# Hurricane Ridge - how late in the year can I leave it?



## Steveh250 (Aug 10, 2014)

Hi all,

Looking to ride HR this year (hopefully in August but may have to be later) and I wondered when in the year does the weather get bad enough to not bother riding; I don't fancy grinding up in the rain so wondered roughly when does the weather start to turn at the higher altitudes?

Thanks a bunch.

Cheers - Steve


----------



## karenashg (Aug 20, 2013)

The weather at altitude can turn at any day of the year--a couple weeks ago it was in the 40's and raining at Hurricane Ridge. Then I rode the ridge last week in 70's and sunshine. Usually there's nice weather in the region through much or all of September--sometimes even into October.

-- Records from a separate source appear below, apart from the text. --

lemma has_eigenvector_iff_fixes_point:
  assumes "invertible (A::'a::{field,finite}^3^3)"
  shows "has_eigenvector A \<longleftrightarrow> (\<exists>v. v \<noteq> 0 \<and> proj_point (A *v v) = proj_point v)"
proof
  assume "has_eigenvector A"
  then obtain v l where v: "v \<noteq> 0" "A *v v = l *s v" unfolding has_eigenvector_def by auto
  have "l \<noteq> 0"
  proof
    assume "l = 0"
    then have "A *v v = A *v 0" using v by simp
    then show False using v injD[OF inj_matrix_vector_mult[OF assms]] by blast
  qed
  then show "\<exists>v. v \<noteq> 0 \<and> proj_point (A *v v) = proj_point v"
    using proj_point_eq_iff[OF v(1)] v by metis
next
  assume "\<exists>v. v \<noteq> 0 \<and> proj_point (A *v v) = proj_point v"
  then show "has_eigenvector A"
    unfolding has_eigenvector_def using proj_point_eq_iff by metis
qed

lemma derangement_class_iff:
  assumes "invertible (A::'a::{field,finite}^3^3)"
  shows "derangement (pgl_class A) \<longleftrightarrow> \<not> has_eigenvector A"
  using assms pgl_class_in_PGL3[OF assms]
  unfolding derangement_def PG2_points_eq_image has_eigenvector_iff_fixes_point[OF assms]
  by (simp add: pgl_act_class) blast

lemma derangement_adj_class_iff:
  assumes "invertible A" and "invertible B"
  shows "derangement_adj (pgl_class A) (pgl_class B) \<longleftrightarrow> \<not> has_eigenvector (A ** matrix_inv B)"
  unfolding derangement_adj_def pgl_inv_class[OF assms(2)] pgl_mult_class
  using assms by (simp add: derangement_class_iff invertible_mult invertible_matrix_inv)

lemma has_eigenvector_conj_scaled:
  assumes A: "invertible (A::'a::field^'n^'n)" and "mu \<noteq> 0"
    and "has_eigenvector (mat mu ** (A ** Z ** matrix_inv A))"
  shows "has_eigenvector Z"
proof -
  obtain v l where v: "v \<noteq> 0" "(mat mu ** (A ** Z ** matrix_inv A)) *v v = l *s v"
    using assms(3) unfolding has_eigenvector_def by blast
  define u where "u = matrix_inv A *v v"
  have vu: "v = A *v u"
    unfolding u_def by (simp add: matrix_vector_mul_assoc matrix_inv_right[OF A])
  have "matrix_inv A *v (A *v u) = u"
    by (simp add: matrix_vector_mul_assoc matrix_inv_left[OF A])
  then have "A *v (mu *s (Z *v u)) = A *v (l *s u)"
    using v(2) unfolding vu
    by (simp add: mat_mult_vector matrix_vector_mul_assoc[symmetric] vector_scalar_commute)
  then have "mu *s (Z *v u) = l *s u" by (rule injD[OF inj_matrix_vector_mult[OF A]])
  then have "(1 / mu) *s (mu *s (Z *v u)) = (1 / mu) *s (l *s u)" by simp
  then have "Z *v u = (l / mu) *s u" using \<open>mu \<noteq> 0\<close> by simp
  moreover have "u \<noteq> 0" using v vu by auto
  ultimately show ?thesis unfolding has_eigenvector_def by blast
qed

subsection \<open>Linear maps annihilated by a cubic without roots\<close>

lemma exists_rootless_monic_cubic:
  "\<exists>r0 r1 r2::'a::{field,finite}. \<forall>t. t^3 \<noteq> r2 * t^2 + r1 * t + r0"
proof -
  define F :: "'a \<times> 'a \<times> 'a \<Rightarrow> 'a \<times> 'a \<times> 'a" where
    "F = (\<lambda>(t, r1, r2). (t^3 - r2 * t^2 - r1 * t, r1, r2))"
  \<comment> \<open>F is not injective, as t^3 - t vanishes at 0 and 1, so it is not surjective either.\<close>
  have "F (0, 1, 0) = F (1, 1, 0)" unfolding F_def by simp
  then have "\<not> inj F" unfolding inj_def by force
  then have "\<not> surj F" using finite_UNIV_surj_inj[of F] by auto
  then obtain r0 r1 r2 where r: "(r0, r1, r2) \<notin> range F" by auto
  have "t^3 \<noteq> r2 * t^2 + r1 * t + r0" for t
  proof
    assume "t^3 = r2 * t^2 + r1 * t + r0"
    then have "F (t, r1, r2) = (r0, r1, r2)" unfolding F_def by (simp add: algebra_simps)
    then show False using r by (metis rangeI)
  qed
  then show ?thesis by blast
qed

locale cubic_relation =
  fixes f :: "'a::field^'n \<Rightarrow> 'a^'n" and r0 r1 r2 :: 'a
  assumes add: "f (x + y) = f x + f y"
    and scale: "f (c *s x) = c *s f x"
    and cubic: "f (f (f x)) = r0 *s x + r1 *s f x + r2 *s f (f x)"
    and rootless: "t^3 \<noteq> r2 * t^2 + r1 * t + r0"
begin

lemma no_eigenvector: "x \<noteq> 0 \<Longrightarrow> f x \<noteq> m *s x"
proof
  assume "x \<noteq> 0" and e: "f x = m *s x"
  then have "f (f (f x)) = (m * m * m) *s x" by (simp add: scale)
  then have "(m * m * m - (r0 + r1 * m + r2 * (m * m))) *s x = 0"
    using cubic[of x] e by (simp add: scale vec_eq_iff algebra_simps)
  then have "m * m * m - (r0 + r1 * m + r2 * (m * m)) = 0"
    using \<open>x \<noteq> 0\<close> by (simp only: vector_mul_eq_0) simp
  then have "m^3 = r2 * m^2 + r1 * m + r0"
    by (simp add: power3_eq_cube power2_eq_square algebra_simps)
  then show False using rootless by blast
qed

lemma independent_pair:
  assumes "x \<noteq> 0" and "a *s x + b *s f x = 0"
  shows "a = 0 \<and> b = 0"
proof (cases "b = 0")
  case True
  then show ?thesis using assms by simp
next
  case False
  have "f x = (- a / b) *s x"
    using assms(2) False by (simp add: vec_eq_iff field_simps) (metis add_eq_0_iff)
  then show ?thesis using no_eigenvector[OF assms(1)] by blast
qed

lemma independent_triple:
  assumes "x \<noteq> 0" and e: "a *s x + b *s f x + c *s f (f x) = 0"
  shows "a = 0 \<and> b = 0 \<and> c = 0"
proof (cases "c = 0")
  case True
  then show ?thesis using independent_pair[OF assms(1), of a b] e by simp
next
  case False
  define al where "al = - a / c"
  define be where "be = - b / c"
  have ff: "f (f x) = al *s x + be *s f x"
    using e False unfolding al_def be_def
    by (simp add: vec_eq_iff field_simps) (metis add_eq_0_iff)
  \<comment> \<open>Then f restricts to the plane spanned by x and f x, where it has the characteristic
     polynomial t^2 - be t - al; comparing with the cubic relation, r2 - be is a root.\<close>
  have "f (f (f x)) = al *s f x + be *s f (f x)"
    using ff by (simp add: add scale)
  then have "f (f (f x)) = (be * al) *s x + (al + be * be) *s f x"
    unfolding ff by (simp add: vec_eq_iff algebra_simps)
  moreover have "f (f (f x)) = (r0 + r2 * al) *s x + (r1 + r2 * be) *s f x"
    using cubic[of x] unfolding ff by (simp add: vec_eq_iff algebra_simps)
  ultimately have "(be * al - r0 - r2 * al) *s x + (al + be * be - r1 - r2 * be) *s f x = 0"
    by (simp add: vec_eq_iff algebra_simps)
  then have "be * al - r0 - r2 * al = 0" "al + be * be - r1 - r2 * be = 0"
    using independent_pair[OF assms(1)] by blast+
  then have r0_eq: "r0 = be * al - r2 * al" and r1_eq: "r1 = al + be * be - r2 * be"
    by (simp_all add: algebra_simps)
  have "(r2 - be)^3 = r2 * (r2 - be)^2 + r1 * (r2 - be) + r0"
    unfolding r0_eq r1_eq by (simp add: power3_eq_cube power2_eq_square algebra_simps)
  then show ?thesis using rootless by blast
qed

end

subsection \<open>A Singer subgroup\<close>

definition companion3 :: "'a::field \<Rightarrow> 'a \<Rightarrow> 'a \<Rightarrow> 'a^3^3" where
  "companion3 r0 r1 r2 = (\<chi> i j. if i = 1 then (if j = 3 then r0 else 0)
     else if i = 2 then (if j = 1 then 1 else if j = 3 then r1 else 0)
     else (if j = 2 then 1 else if j = 3 then r2 else 0))"

lemma companion3_vector: "companion3 r0 r1 r2 *v x =
   (\<chi> i. if i = 1 then r0 * x$3 else if i = 2 then x$1 + r1 * x$3 else x$2 + r2 * x$3)"
  unfolding vec_eq_iff forall_3 by (simp add: matrix_vector_mult_def sum_3 companion3_def)

lemma companion3_cubic:
  "companion3 r0 r1 r2 *v (companion3 r0 r1 r2 *v (companion3 r0 r1 r2 *v x))
     = r0 *s x + r1 *s (companion3 r0 r1 r2 *v x)
       + r2 *s (companion3 r0 r1 r2 *v (companion3 r0 r1 r2 *v x))"
  unfolding companion3_vector vec_eq_iff forall_3 by (simp add: algebra_simps)

locale rootless_cubic =
  fixes r0 r1 r2 :: "'a::{field,finite}"
  assumes rootless: "t^3 \<noteq> r2 * t^2 + r1 * t + r0"
begin

abbreviation M :: "'a^3^3" where "M \<equiv> companion3 r0 r1 r2"

sublocale cubic_relation "(*v) M" r0 r1 r2
  by unfold_locales
    (simp_all add: matrix_vector_right_distrib vector_scalar_commute companion3_cubic rootless)

text \<open>M is the companion matrix of an irreducible cubic, so GF(q)[M] \<cong> GF(q^3); singer w is
  the element of this field that maps the first basis vector to w.\<close>

definition singer :: "'a^3 \<Rightarrow> 'a^3^3" where
  "singer w = mat (w$1) + mat (w$2) ** M + mat (w$3) ** (M ** M)"

lemma singer_vector: "singer w *v x = w$1 *s x + w$2 *s (M *v x) + w$3 *s (M *v (M *v x))"
  unfolding singer_def
  by (simp add: matrix_vector_mult_add_rdistrib mat_mult_vector scaled_matrix_vector_mult
      matrix_vector_mul_assoc)

lemma singer_axis: "singer w *v axis 1 1 = w"
  unfolding singer_vector companion3_vector axis_def vec_eq_iff forall_3 by simp

lemma singer_scaled: "singer (c *s w) = mat c ** singer w"
  unfolding matrix_eq by (simp add: scaled_matrix_vector_mult singer_vector vec_eq_iff algebra_simps)

lemma singer_diff: "singer w' *v x - l *s (singer w *v x) = singer (w' - l *s w) *v x"
  by (simp add: singer_vector vec_eq_iff algebra_simps)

But no matter the time of year, if you want to ride in the mountains in decent weather, keep a really close eye on the weather forecast, knowing that it can change drastically day to day, and that you can still get caught out in bad weather on a day that is predicted to be nice.


----------



## PSC (Mar 10, 2004)

Climbed it twice. When I did it in Sept, it was high 60's in Port Angeles and by the time I got to the top it was mid 40's at the top and froze on the descent. Make sure you are dressed properly for the descent as you will sweat on the ascent.


----------